TheArtist Music Transformer — F4 (Pop 1K Mix, jazz-leaning)

Jazz-adapted chord model with a 1,000-sequence pop rehearsal buffer. The jazz-leaning endpoint of the mix-ratio sweep. Highest jazz top-1 in the collection (81.50%) at the cost of 1.22 pop points.

One of six checkpoints released alongside the paper Empirical Study of Pop and Jazz Mix Ratios for Genre-Adaptive Chord Generation (Lee, 2026). See the collection overview at PearlLeeStudio/TheArtist-MusicTransformer-pop-baseline.

Demo

Watch TheArtist in action on YouTube — interactive staff editor, MIDI input, AI generation with live progress, and per-genre LoRA playback across the 13-genre vocabulary.

Model summary

Field	Value
Architecture	Music Transformer with relative positional attention
Parameters	25,661,440
Vocabulary size	351 tokens
Max sequence length	256
d_model / heads / FFN / layers	512 / 8 / 2048 / 8
Fine-tune resumed from	Phase 0 pop baseline
Best epoch	6

Training data

All 1,513 jazz training sequences plus 1,000 pop rehearsal sequences (seed 42). Pop:jazz ≈ 0.66:1, that is, less pop than jazz in the mix.

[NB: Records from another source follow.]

(* Let $d\in\mathbf{N}$. A measure $\mu$ maximizes $E_\infty$ over $\mathcal{P}_{\mathrm{fin}}(\mathbf{S}^d)$ if and only if there is an orthonormal basis $v_1,\dots,v_{d+1}$ of $\mathbf{R}^{d+1}$ such that $\mu\equiv\frac1{d+1}\sum_{i=1}^{d+1}\delta_{v_i}$.
   Context: $\mathbf{S}^d=\{x\in\mathbf{R}^{d+1}:|x|=1\}$. Define $\Lambda^\infty(x,y)=1$ if $x\cdot y=0$ and $0$ otherwise, and for a finite nonnegative Borel measure $\mu$ on $\mathbf{S}^d$, $E_\infty(\mu)=\frac12\iint\Lambda^\infty(x,y)\,d\mu(x)\,d\mu(y)$. $\mathcal{P}_{\mathrm{fin}}(\mathbf{S}^d)$ is the set of Borel probability measures on $\mathbf{S}^d$ with finite support; $\delta_x$ is the Dirac mass at $x$. For finite measures $\mu,\nu$ on $\mathbf{S}^d$, $\mu\equiv\nu$ means there exists an orthogonal matrix $M\in O(d+1)$ such that $\mu(A\cup -A)=\nu(M(A\cup-A))$ for every measurable $A\subseteq\mathbf{S}^d$ (equality up to rotation and identification of antipodal points). *)

theory Defs
  imports "HOL-Probability.Probability"
begin

text \<open>Points of S^d are unit vectors of real^'n, where CARD('n) = d+1.
  Measures on S^d are represented as Borel measures on real^'n concentrated on the unit sphere.\<close>

definition Lambda_inf :: "real^'n \<Rightarrow> real^'n \<Rightarrow> real" where
  "Lambda_inf x y = (if x \<bullet> y = 0 then 1 else 0)"

definition E_inf :: "(real^'n) measure \<Rightarrow> real" where
  "E_inf \<mu> = (1/2) * (\<integral>x. (\<integral>y. Lambda_inf x y \<partial>\<mu>) \<partial>\<mu>)"

definition P_fin :: "(real^'n) measure set" where
  "P_fin = {\<mu>. sets \<mu> = sets borel \<and> prob_space \<mu> \<and>
      (\<exists>S. finite S \<and> S \<subseteq> sphere 0 1 \<and> emeasure \<mu> (space \<mu> - S) = 0)}"

text \<open>Equality up to rotation and identification of antipodal points.\<close>
definition meas_equiv :: "(real^'n) measure \<Rightarrow> (real^'n) measure \<Rightarrow> bool" where
  "meas_equiv \<mu> \<nu> \<longleftrightarrow> (\<exists>M::real^'n^'n. orthogonal_matrix M \<and>
     (\<forall>A \<in> sets borel. A \<subseteq> sphere 0 1 \<longrightarrow>
        emeasure \<mu> (A \<union> uminus ` A) = emeasure \<nu> ((\<lambda>x. M *v x) ` (A \<union> uminus ` A))))"

text \<open>The measure (1/(d+1)) \<Sum>i \<delta>_{v i}, as the pushforward of the uniform measure on the index type.\<close>
definition uniform_diracs :: "('n::finite \<Rightarrow> real^'n) \<Rightarrow> (real^'n) measure" where
  "uniform_diracs v = distr (uniform_count_measure (UNIV::'n set)) borel v"

definition orthonormal_basis_fam :: "('n::finite \<Rightarrow> real^'n) \<Rightarrow> bool" where
  "orthonormal_basis_fam v \<longleftrightarrow> (\<forall>i j. v i \<bullet> v j = (if i = j then 1 else 0))"

definition maximizes_E_inf :: "(real^'n::finite) measure \<Rightarrow> bool" where
  "maximizes_E_inf \<mu> \<longleftrightarrow> \<mu> \<in> P_fin \<and> (\<forall>\<nu>\<in>(P_fin :: (real^'n) measure set). E_inf \<nu> \<le> E_inf \<mu>)"

end

theory Submission imports Defs begin

(* Write a finitely supported probability measure as weights w on a finite set S of unit vectors.
   Then 2 E_inf = 1 - D with D = sum of w x * w y over the pairs with x.y <> 0.  Since
   (x.y)^2 <= 1, D dominates the frame potential sum w x * w y * (x.y)^2, which is the squared
   Frobenius norm of the frame operator G = sum w x * x x^T, and that is at least
   (trace G)^2 / (d+1) = 1/(d+1).  In the equality case non-orthogonal support points are
   antipodal and G = I/(d+1); testing G against a support point y shows that the line through y
   carries mass 1/(d+1), so there are exactly d+1 such lines, mutually orthogonal.  Conversely a
   measure giving mass 1/(d+1) to each line of an orthonormal basis has D = 1/(d+1). *)

section \<open>Finite frame potential\<close>

lemma sum_sq_sub_scaled_identity:
  fixes G :: "'n::finite \<Rightarrow> 'n \<Rightarrow> real" and c :: real
  shows "(\<Sum>i\<in>UNIV. \<Sum>j\<in>UNIV. (G i j - (if i = j then c else 0))^2)
       = (\<Sum>i\<in>UNIV. \<Sum>j\<in>UNIV. (G i j)^2) - 2 * c * (\<Sum>i\<in>UNIV. G i i) + CARD('n) * c^2"
proof -
  have row: "(\<Sum>j\<in>UNIV. (G i j - (if i = j then c else 0))^2) = (\<Sum>j\<in>UNIV. (G i j)^2) - 2 * c * G i i + c^2" for i
  proof -
    have "(\<Sum>j\<in>UNIV. (G i j - (if i = j then c else 0))^2)
        = (\<Sum>j\<in>UNIV. (G i j)^2 - (if i = j then 2 * c * G i j - c^2 else 0))"
      by (intro sum.cong) (auto simp: power2_eq_square algebra_simps)
    then show ?thesis by (simp add: sum_subtractf)
  qed
  show ?thesis
    by (simp add: row sum_subtractf sum.distrib sum_distrib_left)
qed

lemma sum_sq_sub_trace_identity:
  fixes G :: "'n::finite \<Rightarrow> 'n \<Rightarrow> real"
  defines "c \<equiv> (\<Sum>i\<in>UNIV. G i i) / CARD('n)"
  shows "CARD('n) * (\<Sum>i\<in>UNIV. \<Sum>j\<in>UNIV. (G i j - (if i = j then c else 0))^2)
       = CARD('n) * (\<Sum>i\<in>UNIV. \<Sum>j\<in>UNIV. (G i j)^2) - (\<Sum>i\<in>UNIV. G i i)^2"
proof -
  have "CARD('n) * (2 * c * (\<Sum>i\<in>UNIV. G i i) - CARD('n) * c^2) = (\<Sum>i\<in>UNIV. G i i)^2"
    unfolding c_def by (simp add: power2_eq_square)
  then show ?thesis
    unfolding sum_sq_sub_scaled_identity by (simp add: algebra_simps)
qed

lemma trace_sq_le_card_mult_sum_sq:
  fixes G :: "'n::finite \<Rightarrow> 'n \<Rightarrow> real"
  shows "(\<Sum>i\<in>UNIV. G i i)^2 \<le> CARD('n) * (\<Sum>i\<in>UNIV. \<Sum>j\<in>UNIV. (G i j)^2)"
proof -
  have "0 \<le> CARD('n) * (\<Sum>i\<in>UNIV. \<Sum>j\<in>UNIV. (G i j - (if i = j then c else 0))^2)" for c
    by (intro mult_nonneg_nonneg sum_nonneg) simp_all
  from this[of "(\<Sum>i\<in>UNIV. G i i) / CARD('n)"] show ?thesis
    using sum_sq_sub_trace_identity[of G] by linarith
qed

lemma trace_sq_eq_card_mult_sum_sq_imp:
  fixes G :: "'n::finite \<Rightarrow> 'n \<Rightarrow> real"
  assumes "(\<Sum>i\<in>UNIV. G i i)^2 = CARD('n) * (\<Sum>i\<in>UNIV. \<Sum>j\<in>UNIV. (G i j)^2)"
  shows "G i j = (if i = j then (\<Sum>k\<in>UNIV. G k k) / CARD('n) else 0)"
proof -
  define c where "c = (\<Sum>i\<in>UNIV. G i i) / CARD('n)"
  have "(\<Sum>i\<in>UNIV. \<Sum>j\<in>UNIV. (G i j - (if i = j then c else 0))^2) = 0"
    using sum_sq_sub_trace_identity[of G] assms unfolding c_def by simp
  then have "(G i j - (if i = j then c else 0))^2 = 0"
    by (simp add: sum_nonneg_eq_0_iff sum_nonneg)
  then show ?thesis unfolding c_def by simp
qed

lemma sum_weighted_inner_sq:
  fixes S :: "(real^'n::finite) set"
  shows "(\<Sum>x\<in>S. w x * (x \<bullet> y)^2) = (\<Sum>i\<in>UNIV. \<Sum>j\<in>UNIV. y$i * y$j * (\<Sum>x\<in>S. w x * x$i * x$j))"
proof -
  have "(\<Sum>x\<in>S. w x * (x \<bullet> y)^2) = (\<Sum>x\<in>S. \<Sum>i\<in>UNIV. \<Sum>j\<in>UNIV. y$i * y$j * (w x * x$i * x$j))"
    by (intro sum.cong refl)
       (simp add: inner_vec_def power2_eq_square sum_product sum_distrib_left mult_ac)
  also have "\<dots> = (\<Sum>i\<in>UNIV. \<Sum>j\<in>UNIV. y$i * y$j * (\<Sum>x\<in>S. w x * x$i * x$j))"
    by (subst sum.swap, subst sum.swap) (simp add: sum_distrib_left sum.swap[of _ S])
  finally show ?thesis .
qed

lemma frame_potential_eq_sum_sq:
  fixes S :: "(real^'n::finite) set"
  shows "(\<Sum>x\<in>S. \<Sum>y\<in>S. w x * w y * (x \<bullet> y)^2) = (\<Sum>i\<in>UNIV. \<Sum>j\<in>UNIV. (\<Sum>x\<in>S. w x * x$i * x$j)^2)"
proof -
  define G where "G i j = (\<Sum>x\<in>S. w x * x$i * x$j)" for i j
  have "(\<Sum>x\<in>S. \<Sum>y\<in>S. w x * w y * (x \<bullet> y)^2) = (\<Sum>y\<in>S. w y * (\<Sum>x\<in>S. w x * (x \<bullet> y)^2))"
    by (subst sum.swap) (simp add: sum_distrib_left mult_ac)
  also have "\<dots> = (\<Sum>y\<in>S. \<Sum>i\<in>UNIV. \<Sum>j\<in>UNIV. G i j * (w y * y$i * y$j))"
    unfolding sum_weighted_inner_sq G_def by (simp add: sum_distrib_left mult_ac)
  also have "\<dots> = (\<Sum>i\<in>UNIV. \<Sum>j\<in>UNIV. \<Sum>y\<in>S. G i j * (w y * y$i * y$j))"
    by (subst sum.swap) (intro sum.cong refl sum.swap)
  also have "\<dots> = (\<Sum>i\<in>UNIV. \<Sum>j\<in>UNIV. (G i j)^2)"
    by (simp add: sum_distrib_left[symmetric] G_def power2_eq_square)
  finally show ?thesis unfolding G_def .
qed

lemma frame_trace:
  fixes S :: "(real^'n::finite) set"
  shows "(\<Sum>i\<in>UNIV. \<Sum>x\<in>S. w x * x$i * x$i) = (\<Sum>x\<in>S. w x * (x \<bullet> x))"
  by (subst sum.swap) (simp add: inner_vec_def sum_distrib_left mult_ac)

lemma frame_potential_ge:
  fixes S :: "(real^'n::finite) set"
  shows "(\<Sum>x\<in>S. w x * (x \<bullet> x))^2 \<le> CARD('n) * (\<Sum>x\<in>S. \<Sum>y\<in>S. w x * w y * (x \<bullet> y)^2)"
  using trace_sq_le_card_mult_sum_sq[of "\<lambda>i j. \<Sum>x\<in>S. w x * x$i * x$j"]
  unfolding frame_potential_eq_sum_sq frame_trace .

lemma frame_potential_eq_imp_tight:
  fixes S :: "(real^'n::finite) set"
  assumes "(\<Sum>x\<in>S. w x * (x \<bullet> x))^2 = CARD('n) * (\<Sum>x\<in>S. \<Sum>y\<in>S. w x * w y * (x \<bullet> y)^2)"
  shows "(\<Sum>x\<in>S. w x * (x \<bullet> y)^2) = (\<Sum>x\<in>S. w x * (x \<bullet> x)) / CARD('n) * (y \<bullet> y)"
proof -
  define G where "G i j = (\<Sum>x\<in>S. w x * x$i * x$j)" for i j
  have G: "G i j = (if i = j then (\<Sum>x\<in>S. w x * (x \<bullet> x)) / CARD('n) else 0)" for i j
    using trace_sq_eq_card_mult_sum_sq_imp[of G] assms
    unfolding G_def frame_potential_eq_sum_sq frame_trace by simp
  have "(\<Sum>x\<in>S. w x * (x \<bullet> y)^2) = (\<Sum>i\<in>UNIV. \<Sum>j\<in>UNIV. y$i * y$j * G i j)"
    unfolding sum_weighted_inner_sq G_def ..
  also have "\<dots> = (\<Sum>i\<in>UNIV. y$i * y$i * ((\<Sum>x\<in>S. w x * (x \<bullet> x)) / CARD('n)))"
    by (simp add: G if_distrib[where f="\<lambda>t. _ * t"] cong: if_cong)
  also have "\<dots> = (\<Sum>x\<in>S. w x * (x \<bullet> x)) / CARD('n) * (y \<bullet> y)"
    by (simp add: inner_vec_def sum_distrib_right sum_divide_distrib mult_ac)
  finally show ?thesis .
qed

section \<open>Orthogonal pairs of a weighted point set on the sphere\<close>

lemma unit_inner_sq_eq_1_imp:
  fixes x y :: "'a::real_inner"
  assumes "norm x = 1" "norm y = 1" "(x \<bullet> y)^2 = 1"
  shows "y = x \<or> y = - x"
proof -
  have "\<bar>x \<bullet> y\<bar> = norm x * norm y"
    using assms by (auto simp: power2_eq_1_iff)
  then have "norm x *\<^sub>R y = norm y *\<^sub>R x \<or> norm x *\<^sub>R y = - norm y *\<^sub>R x"
    by (simp only: norm_cauchy_schwarz_abs_eq)
  then show ?thesis using assms(1,2) by simp
qed

lemma inner_sq_le_one_sub_Lambda_inf:
  fixes x y :: "real^'n::finite"
  assumes "norm x = 1" "norm y = 1"
  shows "(x \<bullet> y)^2 \<le> 1 - Lambda_inf x y"
proof -
  have "\<bar>x \<bullet> y\<bar> \<le> 1"
    using Cauchy_Schwarz_ineq2[of x y] assms by simp
  then show ?thesis by (simp add: Lambda_inf_def abs_square_le_1)
qed

lemma sum_pairs_eq_one_sub:
  assumes "(\<Sum>x\<in>S. w x) = (1::real)"
  shows "(\<Sum>x\<in>S. \<Sum>y\<in>S. w x * w y * f x y) = 1 - (\<Sum>x\<in>S. \<Sum>y\<in>S. w x * w y * (1 - f x y))"
proof -
  have "(\<Sum>x\<in>S. \<Sum>y\<in>S. w x * w y * f x y) + (\<Sum>x\<in>S. \<Sum>y\<in>S. w x * w y * (1 - f x y))
      = (\<Sum>x\<in>S. w x) * (\<Sum>y\<in>S. w y)"
    by (simp add: sum_product sum.distrib[symmetric] algebra_simps)
  then show ?thesis using assms by simp
qed

lemma frame_potential_le_nonorthogonal_mass:
  fixes S :: "(real^'n::finite) set"
  assumes "S \<subseteq> sphere 0 1" "\<And>x. 0 \<le> w x"
  shows "(\<Sum>x\<in>S. \<Sum>y\<in>S. w x * w y * (x \<bullet> y)^2) \<le> (\<Sum>x\<in>S. \<Sum>y\<in>S. w x * w y * (1 - Lambda_inf x y))"
  using assms by (intro sum_mono mult_left_mono inner_sq_le_one_sub_Lambda_inf) auto

lemma frame_potential_sphere_ge:
  fixes S :: "(real^'n::finite) set"
  assumes "S \<subseteq> sphere 0 1" "(\<Sum>x\<in>S. w x) = 1"
  shows "1 \<le> CARD('n) * (\<Sum>x\<in>S. \<Sum>y\<in>S. w x * w y * (x \<bullet> y)^2)"
    and "1 = CARD('n) * (\<Sum>x\<in>S. \<Sum>y\<in>S. w x * w y * (x \<bullet> y)^2) \<Longrightarrow>
      (\<Sum>x\<in>S. w x * (x \<bullet> y)^2) = (y \<bullet> y) / CARD('n)"
proof -
  have "x \<bullet> x = 1" if "x \<in> S" for x
    using that assms(1) by (auto simp: norm_eq_1[symmetric])
  then have trace: "(\<Sum>x\<in>S. w x * (x \<bullet> x)) = 1"
    using assms(2) by simp
  show "1 \<le> CARD('n) * (\<Sum>x\<in>S. \<Sum>y\<in>S. w x * w y * (x \<bullet> y)^2)"
    using frame_potential_ge[of w S] unfolding trace by simp
  show "(\<Sum>x\<in>S. w x * (x \<bullet> y)^2) = (y \<bullet> y) / CARD('n)"
    if "1 = CARD('n) * (\<Sum>x\<in>S. \<Sum>y\<in>S. w x * w y * (x \<bullet> y)^2)"
    using frame_potential_eq_imp_tight[of w S y] that unfolding trace by simp
qed

lemma sum_Lambda_inf_le:
  fixes S :: "(real^'n::finite) set"
  assumes "S \<subseteq> sphere 0 1" "\<And>x. 0 \<le> w x" "(\<Sum>x\<in>S. w x) = 1"
  shows "(\<Sum>x\<in>S. \<Sum>y\<in>S. w x * w y * Lambda_inf x y) \<le> 1 - 1 / CARD('n)"
proof -
  define P where "P = (\<Sum>x\<in>S. \<Sum>y\<in>S. w x * w y * (x \<bullet> y)^2)"
  have "1 \<le> CARD('n) * P"
    unfolding P_def by (rule frame_potential_sphere_ge(1)[OF assms(1,3)])
  then have "1 / CARD('n) \<le> P"
    by (simp add: field_simps)
  moreover have "P \<le> (\<Sum>x\<in>S. \<Sum>y\<in>S. w x * w y * (1 - Lambda_inf x y))"
    unfolding P_def by (rule frame_potential_le_nonorthogonal_mass[of S w, OF assms(1,2)])
  ultimately show ?thesis
    using sum_pairs_eq_one_sub[OF assms(3), of Lambda_inf] by linarith
qed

Evaluation (held-out per-genre test sets)

Metric	Pop test	Jazz test
Top-1 accuracy	83.02%	81.50%
Top-5 accuracy	96.93%	92.59%
Perplexity	1.81	2.26
Δ vs. Phase 0 baseline	−1.22	+8.64

F4 is the jazz-leaning endpoint of the mix-ratio sweep. It produces the most jazz-flavoured continuations among the released checkpoints, with secondary dominants, tritone substitutions, modal interchange, and II-V chains across distant keys. The cost is roughly one point of pop top-1 accuracy. Qualitative samples (paper §6.4) on a minor ii-V prompt show the bebop-style harmonic motion that this checkpoint commits to more strongly than F3.

Intended use

Recommended for jazz-flavoured chord composition where the user is willing to trade some pop fluency for stronger jazz identity. F3 (ft-pop50) is the balanced alternative; F1 (ft-pop80) is the symmetric pop-leaning endpoint.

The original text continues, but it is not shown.